In a further aspect of the invention there is provided one or more non-transitory computer readable media storing machine-readable instructions which, when executed, cause one or more processors to perform the aforementioned method.

In a further aspect of the invention there is provided a computer program product comprising instructions, which, when the program is executed by a computer, cause the computer to carry out the aforementioned method. Detailed description

Method

Computer implemented

Computer-implemented means that the method involves the use of a computer, computer network or other programmable apparatus, where one or more features are realised wholly or partly by means of a computer program.

Normalization

Normalization across samples of sequencing data is performed to account for differences in sequencing depths. Normalization allows all samples to be put on a common basis. This allows the normalized data to be compared.

The normalization allows accurate microbe identification in a microbiome sample.

Sequencing data

The sequencing data may be DNA sequencing data. The sequencing data may be DNA sequencing data from bacteria. The sequencing data may be from priming the 16S rRNA genes. That is the sequencing data may be bacterial 16S rRNA sequencing data.

However, the sequencing data may also be from any other microbe within the microbiome sample.

When 16S rRNA gene sequencing data is used, the data may be from priming any of the single variable regions, such as V4 or V6, and/or from priming for example three variable regions, such as V1-V3 or V3-V5.

The sequencing data may also be ITS (internal Transcribed Spacer) region sequencing data. This is used as a fungal identifier. Alternatively or additionally, the 16SrRNA and 18S rRNA genes may be primed from for the fungal sequencing data.

The DNA sequencing may be next generation sequencing data, for example using reads from fragments of 100-5000bp in length. The sequencing data may also comprise RNA sequencing data. For example, viral RNA sequencing data, metagenomic data, transcriptome data or metatranscriptome data.

Microbiome sample

The sample may be any microbiome sample. By microbiome is meant the collection of all microbes, such as bacteria, fungi, viruses, and their genes, that naturally live on or inside mammalian bodies.

For example, the sample may be a skin sample. The sample may be taken from the cheek or the scalp. Other parts of the body that may be sampled include: back or elbow. Samples may be taken using a swab.

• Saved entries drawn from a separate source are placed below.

(* Let $y$ be a Lyndon word with $|y|>1$, written as $y=x^kzb$ where $x$ is a Lyndon word, $k\ge 1$, $|x|$ is the smallest period of $x^kz$, $z$ is a proper prefix of $x$ (possibly empty), $a$ is the letter such that $za$ is a prefix of $x$, and $b$ is a letter with $a<b$. Let $1\le e\le k$ and let $u,v$ be non-empty proper prefixes of $x$ such that $x^eu$ and $x^ev$ are proper prefixes of $y$. If $u\prec v$, then $x^eu\prec x^ev$.
   Context: Lexicographic order $<$ on finite and infinite words: $u<v$ if $u$ is a proper prefix of $v$, or $u=ras$, $v=rbt$ with letters $a<b$. A Lyndon word is a non-empty word strictly smaller than each of its proper non-empty suffixes. Infinite ordering: for non-empty words $u,v$, $u\prec v$ iff $u^\infty<v^\infty$, or $u^\infty=v^\infty$ and $|u|>|v|$, where $u^\infty=uuu\cdots$. A period of a word $w$ is an integer $p\ge1$ with $w[i]=w[i+p]$ whenever both are defined. *)

theory Defs
  imports Main "HOL-Library.Sublist"
begin

definition lex_less :: "'a::linorder list \<Rightarrow> 'a list \<Rightarrow> bool" where
  "lex_less u v \<longleftrightarrow> strict_prefix u v \<or>
     (\<exists>r a b s t. u = r @ a # s \<and> v = r @ b # t \<and> a < b)"

definition inf_lex_less :: "(nat \<Rightarrow> 'a::linorder) \<Rightarrow> (nat \<Rightarrow> 'a) \<Rightarrow> bool" where
  "inf_lex_less f g \<longleftrightarrow> (\<exists>n. (\<forall>i<n. f i = g i) \<and> f n < g n)"

definition pow_inf :: "'a list \<Rightarrow> nat \<Rightarrow> 'a" where
  "pow_inf u = (\<lambda>i. u ! (i mod length u))"

definition inf_prec :: "'a::linorder list \<Rightarrow> 'a list \<Rightarrow> bool" where
  "inf_prec u v \<longleftrightarrow> inf_lex_less (pow_inf u) (pow_inf v) \<or>
     (pow_inf u = pow_inf v \<and> length u > length v)"

definition lyndon :: "'a::linorder list \<Rightarrow> bool" where
  "lyndon w \<longleftrightarrow> w \<noteq> [] \<and> (\<forall>i. 0 < i \<and> i < length w \<longrightarrow> lex_less w (drop i w))"

definition is_period :: "'a list \<Rightarrow> nat \<Rightarrow> bool" where
  "is_period w p \<longleftrightarrow> p \<ge> 1 \<and> (\<forall>i. i + p < length w \<longrightarrow> w ! i = w ! (i + p))"

definition smallest_period :: "'a list \<Rightarrow> nat" where
  "smallest_period w = (LEAST p. is_period w p)"

definition wpow :: "'a list \<Rightarrow> nat \<Rightarrow> 'a list" where
  "wpow x k = concat (replicate k x)"

end

theory Submission
  imports Defs "HOL-Library.List_Lexorder"
begin

(* For non-empty words, s \<prec> t holds iff st < ts, or st = ts and |s| > |t|: the words s^\<infinity> and t^\<infinity>
   agree iff s and t commute, and otherwise they are ordered like the equal-length words
   s^|t| t^|s| and t^|s| s^|t|.  So it suffices to show (Xu)(Xv) < (Xv)(Xu) for X = x^e.
   The prefixes u and v of x are comparable; after cancelling the common prefix Xu or Xv this
   becomes a comparison of uv with vu inside a word long enough to decide it, except when
   u = vw with vw = wv, where the Lyndon property x < s for x = ws decides instead. *)

lemma lex_less_iff_less: "lex_less u v \<longleftrightarrow> u < v"
proof -
  have "strict_prefix u v \<longleftrightarrow> (\<exists>c w. v = u @ c # w)"
    by (metis append_Cons append_Nil2 neq_Nil_conv prefix_def strict_prefix_def self_append_conv)
  then show ?thesis
    unfolding lex_less_def list_less_def lexord_def by blast
qed

lemma append_less_append_left_iff: "(w::'a::linorder list) @ s < w @ t \<longleftrightarrow> s < t"
  unfolding list_less_def by (simp add: lexord_same_pref_iff)

lemma append_less_append_of_length_le:
  "(s::'a::linorder list) < t \<Longrightarrow> length t \<le> length s \<Longrightarrow> s @ s' < t @ t'"
  unfolding list_less_def by (rule lexord_sufI)

lemma lyndon_less_suffix:
  assumes "lyndon x" "x = w @ s" "w \<noteq> []" "s \<noteq> []"
  shows "x < s"
proof -
  have "0 < length w" "length w < length x"
    using assms(2-4) by auto
  then have "lex_less x (drop (length w) x)"
    using assms(1) unfolding lyndon_def by blast
  then show ?thesis
    using assms(2) by (simp add: lex_less_iff_less)
qed

lemma wpow_0 [simp]: "wpow s 0 = []"
  by (simp add: wpow_def)

lemma wpow_Suc: "wpow s (Suc m) = s @ wpow s m"
  by (simp add: wpow_def)

lemma length_wpow: "length (wpow s m) = m * length s"
  by (induction m) (simp_all add: wpow_Suc)

lemma nth_wpow: "i < m * length s \<Longrightarrow> wpow s m ! i = s ! (i mod length s)"
proof (induction m arbitrary: i)
  case (Suc m)
  then show ?case
    by (cases "i < length s") (auto simp: wpow_Suc nth_append le_mod_geq)
qed simp

lemma prefix_wpow: "1 \<le> m \<Longrightarrow> prefix s (wpow s m)"
  by (cases m) (simp_all add: wpow_Suc)

lemma pow_inf_nth: "i < length s \<Longrightarrow> pow_inf s i = s ! i"
  by (simp add: pow_inf_def)

lemma pow_inf_wpow:
  assumes "0 < m" "s \<noteq> []"
  shows "pow_inf (wpow s m) = pow_inf s"
proof
  fix i
  have "i mod (m * length s) < m * length s"
    using assms by simp
  then show "pow_inf (wpow s m) i = pow_inf s i"
    by (simp add: pow_inf_def length_wpow nth_wpow mod_mod_cancel)
qed

lemma pow_inf_eq_iff_commute:
  assumes "s \<noteq> []" "t \<noteq> []"
  shows "pow_inf s = pow_inf t \<longleftrightarrow> s @ t = t @ s"
proof
  assume eq: "pow_inf s = pow_inf t"
  have nth_append_eq: "(p @ q) ! i = pow_inf p i"
    if "pow_inf p = pow_inf q" "i < length (p @ q)" for p q :: "'a list" and i
  proof (cases "i < length p")
    case True
    then show ?thesis
      by (simp add: nth_append pow_inf_nth)
  next
    case False
    then have "(p @ q) ! i = pow_inf q (i - length p)"
      using that(2) by (simp add: nth_append pow_inf_nth)
    also have "\<dots> = pow_inf p (i - length p)"
      using that(1) by simp
    also have "\<dots> = pow_inf p i"
      using False by (simp add: pow_inf_def le_mod_geq)
    finally show ?thesis .
  qed
  show "s @ t = t @ s"
    using nth_append_eq[of s t] nth_append_eq[of t s] eq by (intro nth_equalityI) auto
next
  assume "s @ t = t @ s"
  then obtain m n r where "wpow r m = s" "wpow r n = t"
    unfolding wpow_def using comm_append_are_replicate by blast
  moreover have "0 < m" "0 < n" "r \<noteq> []"
    using calculation assms length_wpow[of r m] by (auto intro!: gr0I)
  ultimately show "pow_inf s = pow_inf t"
    using pow_inf_wpow[of _ r] by metis
qed

lemma wpow_append_less_append_wpow:
  "(s::'a::linorder list) @ t < t @ s \<Longrightarrow> 1 \<le> n \<Longrightarrow> wpow s n @ t < t @ wpow s n"
proof (induction n)
  case (Suc n)
  show ?case
  proof (cases "n = 0")
    case False
    have "wpow s (Suc n) @ t = s @ (wpow s n @ t)"
      by (simp add: wpow_Suc)
    also have "\<dots> < s @ (t @ wpow s n)"
      using Suc False by (simp add: append_less_append_left_iff)
    also have "\<dots> < (t @ s) @ wpow s n"
      using append_less_append_of_length_le[OF Suc.prems(1)] by simp
    finally show ?thesis
      by (simp add: wpow_Suc)
  qed (use Suc.prems in \<open>simp add: wpow_Suc\<close>)
qed simp

lemma append_wpow_less_wpow_append:
  "(s::'a::linorder list) @ t < t @ s \<Longrightarrow> 1 \<le> n \<Longrightarrow> s @ wpow t n < wpow t n @ s"
proof (induction n)
  case (Suc n)
  show ?case
  proof (cases "n = 0")
    case False
    have "s @ wpow t (Suc n) = (s @ t) @ wpow t n"
      by (simp add: wpow_Suc)
    also have "\<dots> < t @ (s @ wpow t n)"
      using append_less_append_of_length_le[OF Suc.prems(1)] by simp
    also have "\<dots> < t @ (wpow t n @ s)"
      using Suc False by (simp add: append_less_append_left_iff)
    finally show ?thesis
      by (simp add: wpow_Suc)
  qed (use Suc.prems in \<open>simp add: wpow_Suc\<close>)
qed simp

lemma inf_lex_less_pow_inf_if_append_less:
  assumes "s \<noteq> []" "t \<noteq> []" "(s::'a::linorder list) @ t < t @ s"
  shows "inf_lex_less (pow_inf s) (pow_inf t)"
proof -
  define S where "S = wpow s (length t)"
  define T where "T = wpow t (length s)"
  have len: "length S = length T"
    unfolding S_def T_def by (simp add: length_wpow)
  have "S @ t < t @ S"
    unfolding S_def using assms by (intro wpow_append_less_append_wpow) (auto simp: Suc_le_eq)
  then have ST: "S @ T < T @ S"
    unfolding T_def using assms by (intro append_wpow_less_wpow_append) (auto simp: Suc_le_eq)
  have "S < T"
  proof (rule ccontr)
    assume "\<not> S < T"
    then have "T @ S < S @ T \<or> T = S"
      using len append_less_append_of_length_le[of T S S T] by auto
    then show False
      using ST by auto
  qed
  then obtain r c d S' T' where cd: "c < d" "S = r @ c # S'" "T = r @ d # T'"
    using len unfolding list_less_def lexord_def by auto
  have "pow_inf S = pow_inf s" "pow_inf T = pow_inf t"
    unfolding S_def T_def using assms by (simp_all add: pow_inf_wpow)
  then have nth: "pow_inf s i = S ! i" "pow_inf t i = T ! i" if "i < length S" for i
    using that len pow_inf_nth[of i S] pow_inf_nth[of i T] by simp_all
  show ?thesis
    unfolding inf_lex_less_def
  proof (intro exI[of _ "length r"] conjI allI impI)
    fix i
    assume "i < length r"
    then show "pow_inf s i = pow_inf t i"
      using cd nth[of i] by (simp add: nth_append)
  next
    show "pow_inf s (length r) < pow_inf t (length r)"
      using cd nth[of "length r"] by simp
  qed
qed

lemma inf_lex_less_asym: "inf_lex_less f g \<Longrightarrow> \<not> inf_lex_less g f"
  unfolding inf_lex_less_def by (metis less_asym linorder_neqE_nat)

lemma inf_prec_iff_append_less:
  assumes "s \<noteq> []" "t \<noteq> []"
  shows "inf_prec s (t::'a::linorder list) \<longleftrightarrow>
    s @ t < t @ s \<or> (s @ t = t @ s \<and> length t < length s)"
proof -
  have "inf_lex_less (pow_inf s) (pow_inf t) \<longleftrightarrow> s @ t < t @ s"
  proof
    assume less: "inf_lex_less (pow_inf s) (pow_inf t)"
    then have "s @ t \<noteq> t @ s"
      using pow_inf_eq_iff_commute[OF assms] by (auto simp: inf_lex_less_def)
    moreover have "\<not> t @ s < s @ t"
      using assms less inf_lex_less_pow_inf_if_append_less[of t s] inf_lex_less_asym by blast
    ultimately show "s @ t < t @ s"
      by auto
  qed (rule inf_lex_less_pow_inf_if_append_less[OF assms])
  then show ?thesis
    unfolding inf_prec_def using pow_inf_eq_iff_commute[OF assms] by auto
qed

lemma append_less_append_if_prefix:
  assumes "prefix v x" "prefix x X" "v = u @ w" "inf_prec u v" "u \<noteq> []"
  shows "(X @ u) @ (X @ v) < (X @ v) @ (X @ u)"
proof -
  have "u @ w < w @ u"
    using assms inf_prec_iff_append_less[of u v] append_less_append_left_iff[of u]
    by auto
  moreover have "prefix v X" "prefix u X"
    using assms(1-3) prefix_order.trans[of u v] by auto
  then obtain r r' where "X = v @ r" "X = u @ r'"
    unfolding prefix_def by blast
  ultimately have "X @ u @ w < w @ X @ u"
    using assms(3) append_less_append_of_length_le[of "u @ w" "w @ u" "r @ u @ w" "r' @ u"]
    by simp
  then show ?thesis
    using assms(3) by (simp add: append_less_append_left_iff)
qed

lemma append_less_append_if_prefix_lyndon:
  assumes "lyndon x" "prefix u x" "prefix x X" "u = v @ w" "inf_prec u v" "v \<noteq> []"
  shows "(X @ u) @ (X @ v) < (X @ v) @ (X @ u)"
proof -
  have "w \<noteq> []"
    using assms inf_prec_iff_append_less[of u v] by auto
  have "v @ w @ v < v @ v @ w \<or> (v @ w @ v = v @ v @ w)"
    using assms inf_prec_iff_append_less[of u v] by auto
  then have wv: "w @ v < v @ w \<or> w @ v = v @ w"
    using append_less_append_left_iff[of v] by auto
  have "w @ X @ v < X @ v @ w"
  proof (cases "w @ v = v @ w")
    case True
    have "prefix w x"
      using assms(2,4) True by (metis prefix_def prefix_order.trans)
    then obtain s X' where x: "x = w @ s" and X: "X = x @ X'"
      using assms(3) by (auto simp: prefix_def)
    have "s \<noteq> []"
      using assms(2,4,6) x by (auto dest: prefix_length_le)
    then have "x < s"
      using lyndon_less_suffix[OF assms(1) x \<open>w \<noteq> []\<close>] by simp
    then have "x @ X' @ v < s @ X' @ w @ v"
      using x by (intro append_less_append_of_length_le) simp_all
    then have "w @ X @ v < w @ s @ X' @ w @ v"
      using X by (simp only: append_less_append_left_iff append.assoc)
    also have "\<dots> = X @ v @ w"
      using True x X by simp
    finally show ?thesis .
  next
    case False
    have "prefix u X"
      using assms(2,3) by (rule prefix_order.trans)
    then have "prefix v X"
      using assms(4) prefix_order.trans[of v u X] by simp
    then obtain r r' where r: "X = v @ r" and r': "X = (v @ w) @ r'"
      using \<open>prefix u X\<close> assms(4) unfolding prefix_def by blast
    have "w @ X @ v = (w @ v) @ r @ v"
      using r by simp
    also have "\<dots> < (v @ w) @ r' @ v @ w"
      using False wv by (intro append_less_append_of_length_le[of "w @ v" "v @ w"]) auto
    also have "\<dots> = X @ v @ w"
      using r' by simp
    finally show ?thesis .
  qed
  then show ?thesis
    using assms(4) by (simp add: append_less_append_left_iff)
qed

lemma inf_prec_prepend_lyndon_prefix:
  assumes "lyndon x" "prefix x X" "prefix u x" "prefix v x" "u \<noteq> []" "v \<noteq> []"
    and "inf_prec u v"
  shows "inf_prec (X @ u) (X @ v)"
proof -
  have "(X @ u) @ (X @ v) < (X @ v) @ (X @ u)"
  proof (cases "prefix u v")
    case True
    then show ?thesis
      using assms append_less_append_if_prefix by (metis prefix_def)
  next
    case False
    then have "prefix v u"
      using assms prefix_same_cases by blast
    then show ?thesis
      using assms append_less_append_if_prefix_lyndon by (metis prefix_def)
  qed
  then show ?thesis
    using assms inf_prec_iff_append_less[of "X @ u" "X @ v"] by simp
qed

theorem mainTheorem4:
  fixes x y z u v :: "'a::linorder list" and a b :: 'a and k e :: nat
  assumes "lyndon y" and "length y > 1"
    and "y = wpow x k @ z @ [b]"
    and "lyndon x" and "k \<ge> 1"
    and "length x = smallest_period (wpow x k @ z)"
    and "strict_prefix z x"
    and "prefix (z @ [a]) x"
    and "a < b"
    and "1 \<le> e" and "e \<le> k"
    and "u \<noteq> []" and "strict_prefix u x"
    and "v \<noteq> []" and "strict_prefix v x"
    and "strict_prefix (wpow x e @ u) y"
    and "strict_prefix (wpow x e @ v) y"
    and "inf_prec u v"
  shows "inf_prec (wpow x e @ u) (wpow x e @ v)"
  using assms(4,12-15,18) prefix_wpow[OF assms(10)]
  by (intro inf_prec_prepend_lyndon_prefix) (auto simp: strict_prefix_def)

end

Sub-sample/sub-sampling/n reads

By sub-sample is meant a division of the whole microbiome sequencing sample. That is, a selection of a certain number of reads or sequences (n reads or n sequences) from the whole of the number of reads or sequences obtained for that sample.

By read is meant the series of nucleotides which are a read out from a sequencing machine.

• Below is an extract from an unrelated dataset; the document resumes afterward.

(* There exists a strictly decreasing function $\delta:[0,\tau_D]\to(0,1]$ with $\delta(0)=1$, depending only on $n,a^*,b_*$, such that the following holds. For any trajectory of system (5), any $t_0\ge0$, and any $i\in\mathcal V_F$, $j\in\mathcal V_L$ such that the arc $(j,i)$ belongs to $\mathcal E_{\sigma(t)}$ for all $t\in[t_0,t_0+\tau_D)$, $$|x_i(t)|_{\mathcal L(y(t))}\le\delta(t-t_0)\,|x(t_0)|_{\mathcal L(y(t_0))}+2\sqrt2\int_{t_0}^{t_0+\tau_D}|z(s)|\,ds\quad\text{for all }t\in[t_0,t_0+\tau_D].$$
   Context: Standing setup. Fix integers $n\ge 2$, $k\ge 1$, $d\ge 1$. The follower set is $\mathcal V_F=\{1,\dots,n\}$ and the leader set is $\mathcal V_L=\{\hat 1,\dots,\hat k\}$ (disjoint from $\mathcal V_F$); $\mathcal V=\mathcal V_F\cup\mathcal V_L$. The interaction topology is a time-varying digraph $\mathcal G_{\sigma(t)}=(\mathcal V,\mathcal E_{\sigma(t)})$, where $\sigma:[0,\infty)\to\mathcal P$ is a piecewise constant switching signal taking values in a finite set $\mathcal P$ of digraphs on $\mathcal V$; no arc of any of these digraphs enters a leader. An arc $(j,i)$ means that $i$ receives information from $j$. Dwell-time assumption: any two consecutive switching instants of $\sigma$ are separated by at least $\tau_D>0$. For $i\in\mathcal V_F$, $N_i(\sigma(t))=\{j\in\mathcal V_F:(j,i)\in\mathcal E_{\sigma(t)}\}$ and $L_i(\sigma(t))=\{j\in\mathcal V_L:(j,i)\in\mathcal E_{\sigma(t)}\}$. System (5): $\dot y_i=u_i(y,t)$ for $i=1,\dots,k$, and $\dot x_i=\sum_{j\in N_i(\sigma(t))}a_{ij}(x,y,t)(x_j-x_i)+\sum_{j\in L_i(\sigma(t))}b_{ij}(x,y,t)(y_j-x_i)+w_i(t)$ for $i=1,\dots,n$, where $x_i,y_j\in\mathbb R^d$, $x=(x_1,\dots,x_n)$, $y=(y_1,\dots,y_k)$; each $u_i(y,t)$ is continuous in $y$ and piecewise continuous in $t$; each $w_i$ is continuous; the weights $a_{ij},b_{ij}$ are continuous and satisfy $a_*\le a_{ij}(x,y,t)\le a^*$, $b_{ij}(x,y,t)\ge b_*$ for all $x,y,t$, with constants $0<a_*\le a^*$, $b_*>0$. Along a trajectory, $z(t)=(u_1(y(t),t),\dots,u_k(y(t),t),w_1(t),\dots,w_n(t))\in\mathbb R^{(n+k)d}$. Set notation: $|\cdot|$ is the Euclidean norm; for a closed convex $K\subset\mathbb R^d$, $|v|_K=\inf_{p\in K}|v-p|$; $\mathcal L(y(t))=\mathrm{co}\{y_1(t),\dots,y_k(t)\}$ (convex hull); $|x(t)|_{\mathcal L(y(t))}=\max_{i\in\mathcal V_F}|x_i(t)|_{\mathcal L(y(t))}$. *)

theory Defs
  imports "HOL-Analysis.Analysis"
begin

By sequence is meant the merged pair-end reads. This is also referred to as a feature.

A minimum of 100 sub-samples may be taken, each sub-sample consisting of n reads or sequences. For example 100-1000 sub-samples may be taken. n may be selected by an initial tuning step which can be performed for each sequencing run (i.e. before step a), n is selected by comparing the number of observed sequence variants at different sizes of n). This tuning optimises what number of reads maximises the diversity for the least number of reads. This can be done by calculating the alpha-diversity and comparing the alpha-diversity for different numbers of n. This is shown in Figure 2. Here it can be seen that above 10,000 reads, the diversity does not radically change. As a result, going above a value of n = 10,000 will increase time and computing costs for little value.

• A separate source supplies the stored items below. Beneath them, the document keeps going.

lemma dfa_recognizes_Syn:
  assumes "finite Q" and closed: "\<And>q x. q \<in> Q \<Longrightarrow> \<delta> q x \<in> Q"
  shows "\<exists>\<delta>' q0 F. dfa_recognizes (card (insert {} {S. S \<subseteq> Q \<and> \<not> subsingleton S})) \<delta>' q0 F (Syn Q \<delta>)"
proof -
  define Y where "Y = insert {} {S. S \<subseteq> Q \<and> \<not> subsingleton S}"
  define d where "d S x = collapse (image_word \<delta> S [x])" for S x
  have run: "delta_star d (collapse S) w = collapse (image_word \<delta> S w)" for S w
  proof (induction w arbitrary: S)
    case (Cons x w)
    have "d (collapse S) x = collapse (image_word \<delta> S [x])"
      unfolding d_def image_word_def by (rule collapse_image_collapse)
    then show ?case using Cons.IH[of "image_word \<delta> S [x]"] image_word_append[of \<delta> S "[x]" w]
      by simp
  qed (simp add: image_word_def)
  have "collapse (image_word \<delta> S [x]) \<in> Y" if "S \<subseteq> Q" for S x
    using that closed by (auto simp: Y_def collapse_def image_word_def)
  then have "d S x \<in> Y" if "S \<in> Y" for S x
    using that by (auto simp: Y_def d_def)
  moreover have "collapse Q \<in> Y"
    by (auto simp: Y_def collapse_def)
  moreover have "finite Y"
    using \<open>finite Q\<close> by (auto simp: Y_def intro: finite_subset[of _ "Pow Q"])
  ultimately obtain \<delta>' q0 F
    where "dfa_recognizes (card Y) \<delta>' q0 F {w. delta_star d (collapse Q) w \<in> {{}}}"
    using dfa_recognizes_card_finite[of Y d "collapse Q" "{{}}"] by (auto simp: Y_def)
  then show ?thesis
    by (auto simp: Y_def run collapse_eq_empty_iff Syn_eq_subsingleton)
qed

lemma card_insert_nonsubsingleton_subsets:
  assumes "finite Q" and "subsingleton A"
  shows "card (insert A {S. S \<subseteq> Q \<and> \<not> subsingleton S}) = 2 ^ card Q - card Q"
proof -
  let ?N = "{S. S \<subseteq> Q \<and> \<not> subsingleton S}" and ?T = "{S. S \<subseteq> Q \<and> subsingleton S}"
  have "?T = insert {} ((\<lambda>q. {q}) ` Q)"
    by (auto simp: subsingleton_def)
  moreover have "card ((\<lambda>q. {q}) ` Q) = card Q" "{} \<notin> (\<lambda>q. {q}) ` Q"
    by (auto intro: card_image simp: inj_on_def)
  ultimately have card_T: "card ?T = card Q + 1"
    using \<open>finite Q\<close> by simp
  have "Pow Q = ?N \<union> ?T"
    by auto
  then have "2 ^ card Q = card (?N \<union> ?T)"
    using \<open>finite Q\<close> by (metis card_Pow)
  also have "\<dots> = card ?N + card ?T"
    using \<open>finite Q\<close> by (intro card_Un_disjoint) auto
  finally have "2 ^ card Q = card ?N + card ?T" .
  moreover have "A \<notin> ?N" "finite ?N"
    using assms by auto
  ultimately show ?thesis
    using card_T by simp
qed

lemma dfa_recognizes_Syn_card_le:
  assumes L: "dfa_recognizes k \<delta>' q0 F (Syn Q \<delta>)"
    and reachable: "\<And>S. S \<in> I \<Longrightarrow> \<exists>w. image_word \<delta> Q w = S"
    and distinguishable: "\<And>S T. S \<in> I \<Longrightarrow> T \<in> I \<Longrightarrow> S \<noteq> T \<Longrightarrow>
      \<exists>v. subsingleton (image_word \<delta> S v) \<noteq> subsingleton (image_word \<delta> T v)"
  shows "card I \<le> k"
proof -
  define u where "u S = (SOME w. image_word \<delta> Q w = S)" for S
  have "u S @ v \<in> Syn Q \<delta> \<longleftrightarrow> subsingleton (image_word \<delta> S v)" if "S \<in> I" for S v
    using someI_ex[OF reachable[OF that]]
    by (simp add: u_def Syn_eq_subsingleton image_word_append)
  then show ?thesis
    using dfa_recognizes_card_le[OF L, of I u] distinguishable by metis
qed

lemma cerny_closed: "q < n \<Longrightarrow> cerny n q x < n"
  by (cases x) auto

lemma cerny_b: "q < n \<Longrightarrow> cerny n q b = Suc q mod n"
  by (cases "Suc q = n") auto

lemma delta_star_cerny_b_power:
  "q < n \<Longrightarrow> delta_star (cerny n) q (replicate j b) = (q + j) mod n"
proof (induction j arbitrary: q)
  case (Suc j)
  then have "Suc q mod n < n" by simp
  with Suc show ?case by (simp add: cerny_b mod_add_left_eq)
qed simp

definition cyclic_shift :: "nat \<Rightarrow> nat \<Rightarrow> nat set \<Rightarrow> nat set" where
  "cyclic_shift n j S = (\<lambda>q. (q + j) mod n) ` S"

lemma image_word_cerny_b_power:
  assumes "S \<subseteq> {0..<n}"
  shows "image_word (cerny n) S (replicate j b) = cyclic_shift n j S"
  unfolding image_word_def cyclic_shift_def
  by (rule image_cong) (use assms delta_star_cerny_b_power in auto)

lemma cyclic_shift_cyclic_shift: "cyclic_shift n k (cyclic_shift n j S) = cyclic_shift n (j + k) S"
  by (simp add: cyclic_shift_def image_image mod_add_left_eq add.assoc)

lemma shift_mod_inverse:
  fixes q :: nat
  assumes "q < n"
  shows "((q + j) mod n + (n - 1) * j) mod n = q"
proof -
  have "((q + j) mod n + (n - 1) * j) mod n = (q + j + (n - 1) * j) mod n"
    by (rule mod_add_left_eq)
  also have "q + j + (n - 1) * j = q + n * j"
    using assms by (cases n) (simp_all add: algebra_simps)
  finally show ?thesis
    using assms by simp
qed

lemma inj_on_shift_mod: "inj_on (\<lambda>q::nat. (q + j) mod n) {0..<n}"
  by (rule inj_on_inverseI[where g = "\<lambda>q. (q + (n - 1) * j) mod n"], rule shift_mod_inverse) simp

lemma cyclic_shift_subset: "S \<subseteq> {0..<n} \<Longrightarrow> cyclic_shift n j S \<subseteq> {0..<n}"
  by (auto simp: cyclic_shift_def)

lemma card_cyclic_shift: "S \<subseteq> {0..<n} \<Longrightarrow> card (cyclic_shift n j S) = card S"
  unfolding cyclic_shift_def by (rule card_image) (rule inj_on_subset[OF inj_on_shift_mod])

lemma cyclic_shift_inverse:
  assumes "S \<subseteq> {0..<n}"
  shows "cyclic_shift n ((n - 1) * j) (cyclic_shift n j S) = S"
proof -
  have "cyclic_shift n ((n - 1) * j) (cyclic_shift n j S) = (\<lambda>q. q) ` S"
    unfolding cyclic_shift_def image_image
    by (rule image_cong) (use assms shift_mod_inverse in auto)
  then show ?thesis by simp
qed

text \<open>Rotate a state missing from \<open>S\<close> to \<open>n - 1\<close>, then the least element of the result to \<open>0\<close>.\<close>
lemma cyclic_shift_to_gap:
  assumes S: "S \<subseteq> {0..<n}" "S \<noteq> {}" "S \<noteq> {0..<n}"
  shows "\<exists>j. 0 \<in> cyclic_shift n j S \<and> n - 1 \<notin> cyclic_shift n j S"
proof -
  have "\<not> {0..<n} \<subseteq> S"
    using S(1,3) by blast
  then obtain c where c: "c < n" "c \<notin> S"
    by (meson atLeastLessThan_iff subsetI zero_le)
  define S' where "S' = cyclic_shift n (n - 1 - c) S"
  have last: "n - 1 \<notin> S'"
  proof
    assume "n - 1 \<in> S'"
    then obtain q where "q \<in> S" "(q + (n - 1 - c)) mod n = (c + (n - 1 - c)) mod n"
      using c by (auto simp: S'_def cyclic_shift_def)
    then have "q = c"
      using inj_on_shift_mod[of "n - 1 - c" n] S(1) c
      unfolding inj_on_def by (metis atLeastLessThan_iff subsetD zero_le)
    with c \<open>q \<in> S\<close> show False by simp
  qed
  have "S' \<subseteq> {0..<n}" "S' \<noteq> {}"
    using S cyclic_shift_subset by (auto simp: S'_def cyclic_shift_def)
  have S'_below: "S' \<subseteq> {0..<n - 1}"
  proof
    fix q assume "q \<in> S'"
    with \<open>S' \<subseteq> {0..<n}\<close> last have "q < n" "q \<noteq> n - 1"
      by auto
    then show "q \<in> {0..<n - 1}"
      by simp
  qed
  define m where "m = Min S'"
  have m: "m \<in> S'" "\<And>q. q \<in> S' \<Longrightarrow> m \<le> q"
    using \<open>S' \<noteq> {}\<close> finite_subset[OF S'_below] by (simp_all add: m_def)
  have "cyclic_shift n (n - m) S' = (\<lambda>q. q - m) ` S'"
    unfolding cyclic_shift_def
  proof (rule image_cong)
    fix q assume "q \<in> S'"
    then have "q + (n - m) = (q - m) + n" "q - m < n"
      using m S'_below by auto
    then show "(q + (n - m)) mod n = q - m" by simp
  qed simp
  moreover have "0 \<in> (\<lambda>q. q - m) ` S'" "n - 1 \<notin> (\<lambda>q. q - m) ` S'"
    using m S'_below by force+
  ultimately show ?thesis
    unfolding S'_def cyclic_shift_cyclic_shift by metis
qed

lemma image_word_cerny_a:
  assumes "0 \<in> S" "n - 1 \<notin> S"
  shows "image_word (cerny n) (insert (n - 1) S) [a] = S"
proof -
  have "cerny n q a = q" if "q \<in> S" for q
    using that assms(2) by auto
  then have "(\<lambda>q. cerny n q a) ` S = S"
    by (simp cong: image_cong)
  with assms show ?thesis
    by (auto simp: image_word_def)
qed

Alternatively or additionally, the number of observed sequence variants is determined by calculating an OTU frequency table for a plurality of sub-samples with different sizes of n; and identifying the OTUs in the OTU frequency tables as being from a particular microbe. n may be adjusted according to the source of the microbiome data. For example, n is adjusted according to whether the sample is from the elbow or the back as different sites will have different diversity. Sites with larger diversity will require larger n to capture all of the individual microbial sequences present in the sample, n may be calculated starting from the standard minimum number of reads for that body site which is then tuned for each sequencing run as described above.

The reads sampled may be the raw reads. Alternatively, instead of the reads, the paired- end sequences may be sub-sampled. Further filtering of the paired-end reads may also be applied prior to sub-sampling, for example with QIIME2.

Randomly

By randomly is meant there is no design to the selection, n reads are selected to create the sub-sample from the sample. No selection of particular reads is carried out. Any read or sequence in the sample may end up part of the sub-sample.

This is described in Example 1 : Calculating n (the number of reads in each sub-sample).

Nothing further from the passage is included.